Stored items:
-*-

lemma card_profile_forests: "card (profile_forests t ns) = profile_count t ns"
proof (induction ns)
  case (Cons n ns)
  let ?build = "\<lambda>(bs, f). map Node (chunks t n (fill bs f))"
  have "inj_on ?build (lists_with_trues (t * n) (first_width ns) \<times> profile_forests t ns)"
  proof (rule inj_onI, clarify)
    fix bs f bs' f'
    assume bs: "bs \<in> lists_with_trues (t * n) (first_width ns)" "bs' \<in> lists_with_trues (t * n) (first_width ns)"
      and f: "f \<in> profile_forests t ns" "f' \<in> profile_forests t ns"
      and eq: "map Node (chunks t n (fill bs f)) = map Node (chunks t n (fill bs' f'))"
    have "length (fill bs f) = t * n" "length (fill bs' f') = t * n"
      using bs by (auto simp: lists_with_trues_def length_fill)
    moreover have "chunks t n (fill bs f) = chunks t n (fill bs' f')"
      using eq by (simp add: inj_map_eq_map inj_on_def)
    ultimately have "fill bs f = fill bs' f'" by (metis concat_chunks)
    then show "bs = bs' \<and> f = f'"
      using bs profile_forests_shape[OF f(1)] profile_forests_shape[OF f(2)]
      by (intro fill_inject) (auto simp: lists_with_trues_def)
  qed
  then show ?case
    using Cons by (simp add: card_image card_cartesian_product card_lists_with_trues)
qed simp

lemma profile_count_le_T:
  assumes "2 \<le> t"
  shows "profile_count t (1 # ns) \<le> T t (profile_path_length (1 # ns))"
proof -
  let ?S = "{x. tary t x \<and> x \<noteq> Leaf \<and> path_length x = profile_path_length (1 # ns)}"
  have single: "\<exists>y. f = [y] \<and> y \<in> ?S" if "f \<in> profile_forests t (1 # ns)" for f
  proof -
    have shape: "length f = 1" "\<forall>y\<in>set f. tary t y \<and> y \<noteq> Leaf"
      "sum_list (map path_length f) = profile_path_length (1 # ns)"
      using profile_forests_shape[OF that] by simp_all
    then obtain y where "f = [y]" by (cases f) auto
    then show ?thesis using shape by simp
  qed
  have "inj_on hd (profile_forests t (1 # ns))"
  proof (rule inj_onI)
    fix f g assume "f \<in> profile_forests t (1 # ns)" "g \<in> profile_forests t (1 # ns)" "hd f = hd g"
    then show "f = g" using single by fastforce
  qed
  then have "profile_count t (1 # ns) = card (hd ` profile_forests t (1 # ns))"
    by (simp only: card_image card_profile_forests)
  also have "\<dots> \<le> card ?S"
    using single by (intro card_mono[OF finite_path_length_trees[OF assms]]) fastforce
  finally show ?thesis unfolding T_def .
qed

fun admissible :: "nat \<Rightarrow> nat list \<Rightarrow> bool" where
  "admissible t (n # m # ns) = (m \<le> t * n \<and> admissible t (m # ns))"
| "admissible t _ = True"

lemma admissible_Cons: "admissible t (n # ns) \<longleftrightarrow> first_width ns \<le> t * n \<and> admissible t ns"
  by (cases ns) auto

lemma admissible_append:
  assumes "admissible t xs" "admissible t ys" "xs \<noteq> [] \<Longrightarrow> ys \<noteq> [] \<Longrightarrow> hd ys \<le> t * last xs"
  shows "admissible t (xs @ ys)"
  using assms by (induction xs rule: admissible.induct) (auto simp: admissible_Cons first_width_def split: list.splits)

lemma admissible_replicate: "1 \<le> t \<Longrightarrow> admissible t (replicate n w)"
proof (induction n)
  case (Suc n)
  then show ?case by (cases n) auto
qed simp

lemma profile_count_pos: "admissible t ns \<Longrightarrow> 0 < profile_count t ns"
  by (induction ns) (auto simp: admissible_Cons)

lemma profile_count_append_mono: "admissible t (xs @ ys) \<Longrightarrow> profile_count t ys \<le> profile_count t (xs @ ys)"
proof (induction xs)
  case (Cons x xs)
  let ?C = "t * x choose first_width (xs @ ys)"
  have "1 \<le> ?C" "admissible t (xs @ ys)" using Cons.prems by (auto simp: admissible_Cons Suc_le_eq)
  have "profile_count t ys \<le> profile_count t (xs @ ys)" using Cons by (simp add: admissible_Cons)
  also have "\<dots> \<le> ?C * profile_count t (xs @ ys)" using mult_le_mono1[OF \<open>1 \<le> ?C\<close>] by simp
  finally show ?case by simp
qed simp

lemma profile_count_replicate_ge:
  "admissible t (replicate (Suc L) w @ ns) \<Longrightarrow> (t * w choose w) ^ L \<le> profile_count t (replicate (Suc L) w @ ns)"
proof (induction L)
  case 0
  then show ?case by (auto simp: admissible_Cons Suc_le_eq intro: profile_count_pos)
next
  case (Suc L)
  then show ?case by (simp add: admissible_Cons)
qed

(* The terms of the expansion of (1 + (t - 1))^(t W) increase up to index W and decrease after it. *)
lemma binomial_term_le_central:
  assumes "2 \<le> t" "i \<le> t * W"
  shows "(t * W choose i) * (t - 1) ^ (t * W - i) \<le> (t * W choose W) * (t - 1) ^ (t * W - W)"
proof -
  define m where "m = t * W"
  define a where "a i = (m choose i) * (t - 1) ^ (m - i)" for i
  have ratio: "a (Suc i) * (Suc i * (t - 1)) = a i * (m - i)" if "i < m" for i
  proof -
    have "(t - 1) ^ (m - i) = (t - 1) * (t - 1) ^ (m - Suc i)"
      using that by (simp add: Suc_diff_Suc flip: power_Suc)
    moreover have "Suc i * (m choose Suc i) = (m - i) * (m choose i)"
      using binomial_absorption[of i m] binomial_absorb_comp[of m i] by simp
    ultimately show ?thesis unfolding a_def by (metis mult.assoc mult.commute mult.left_commute)
  qed
  have up: "a i \<le> a (Suc i)" if "i < W" for i
  proof -
    have "W \<le> m" using assms(1) by (simp add: m_def)
    then have "i < m" using that by simp
    have "Suc i * (t - 1) + i < t * Suc i" using assms(1) by (cases t) auto
    also have "t * Suc i \<le> m" using that unfolding m_def by (intro mult_le_mono2) simp
    finally have "Suc i * (t - 1) \<le> m - i" by linarith
    then have "a i * (Suc i * (t - 1)) \<le> a i * (m - i)" by (rule mult_le_mono2)
    also have "\<dots> = a (Suc i) * (Suc i * (t - 1))" using ratio[OF \<open>i < m\<close>] by simp
    finally show ?thesis using assms(1) by simp
  qed
  have down: "a (Suc i) \<le> a i" if "W \<le> i" "i < m" for i
  proof -
    have "m \<le> i * t" using that(1) by (simp add: m_def mult.commute)
    then have "m - i \<le> i * (t - 1)" by (simp add: diff_mult_distrib2)
    then have "a (Suc i) * (m - i) \<le> a (Suc i) * (Suc i * (t - 1))" by simp
    also have "\<dots> = a i * (m - i)" by (rule ratio[OF that(2)])
    finally show ?thesis using that(2) by simp
  qed
  have below: "a (W - j) \<le> a W" for j
  proof (induction j)
    case (Suc j)
    show ?case
    proof (cases "j < W")
      case True
      then have "a (W - Suc j) \<le> a (Suc (W - Suc j))" by (intro up) simp
      with True Suc show ?thesis by (simp add: Suc_diff_Suc)
    qed (use Suc in simp)
  qed simp
  have above: "a (W + j) \<le> a W" if "W + j \<le> m" for j
    using that by (induction j) (auto intro: order_trans[OF down])
  show ?thesis
    using below[of "W - i"] above[of "i - W"] assms(2) unfolding a_def m_def
    by (cases "i \<le> W") simp_all
qed

lemma power_le_central_binomial:
  assumes "2 \<le> t"
  shows "t ^ (t * W) \<le> (t * W + 1) * ((t * W choose W) * (t - 1) ^ (t * W - W))"
proof -
  have "t ^ (t * W) = (1 + (t - 1)) ^ (t * W)" using assms by simp
  also have "\<dots> = (\<Sum>i\<le>t * W. (t * W choose i) * (t - 1) ^ (t * W - i))"
    unfolding binomial by simp
  also have "\<dots> \<le> (\<Sum>i\<le>t * W. (t * W choose W) * (t - 1) ^ (t * W - W))"
    using binomial_term_le_central[OF assms] by (intro sum_mono) simp
  finally show ?thesis by simp
qed

lemma ln_binomial_ge:
  assumes "2 \<le> t"
  shows "tree_growth t * W - ln (real t * W + 1) \<le> ln (t * W choose W)"
proof -
  have t1: "1 < real t" using assms by simp
  have C_pos: "0 < (t * W choose W)" using assms by simp
  have W_pos: "0 < real t * W + 1" by (intro add_nonneg_pos) simp_all
  have "real (t ^ (t * W)) \<le> real ((t * W + 1) * ((t * W choose W) * (t - 1) ^ (t * W - W)))"
    using power_le_central_binomial[OF assms, of W] by (simp only: of_nat_le_iff)
  then have "real t ^ (t * W) \<le> (real t * W + 1) * ((t * W choose W) * (real t - 1) ^ (t * W - W))"
    using assms by (simp add: of_nat_diff algebra_simps)
  then have "ln (real t ^ (t * W)) \<le> ln ((real t * W + 1) * ((t * W choose W) * (real t - 1) ^ (t * W - W)))"
    using t1 C_pos W_pos by (subst ln_le_cancel_iff) auto
  also have "\<dots> = ln (real t * W + 1) + ln (t * W choose W) + real (t * W - W) * ln (real t - 1)"
    using t1 C_pos W_pos by (simp add: ln_mult ln_realpow)
  finally show ?thesis
    using assms by (simp add: tree_growth_def ln_realpow of_nat_diff algebra_simps)
qed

-*-

WHAT THIS TASK INVOLVES:
Exactly the lines from the one containing "W)) \<le> ln" through the final line above, and only those, should be given again.

EXERCISE RESULT:
  then have "ln (real t ^ (t * W)) \<le> ln ((real t * W + 1) * ((t * W choose W) * (real t - 1) ^ (t * W - W)))"
    using t1 C_pos W_pos by (subst ln_le_cancel_iff) auto
  also have "\<dots> = ln (real t * W + 1) + ln (t * W choose W) + real (t * W - W) * ln (real t - 1)"
    using t1 C_pos W_pos by (simp add: ln_mult ln_realpow)
  finally show ?thesis
    using assms by (simp add: tree_growth_def ln_realpow of_nat_diff algebra_simps)
qed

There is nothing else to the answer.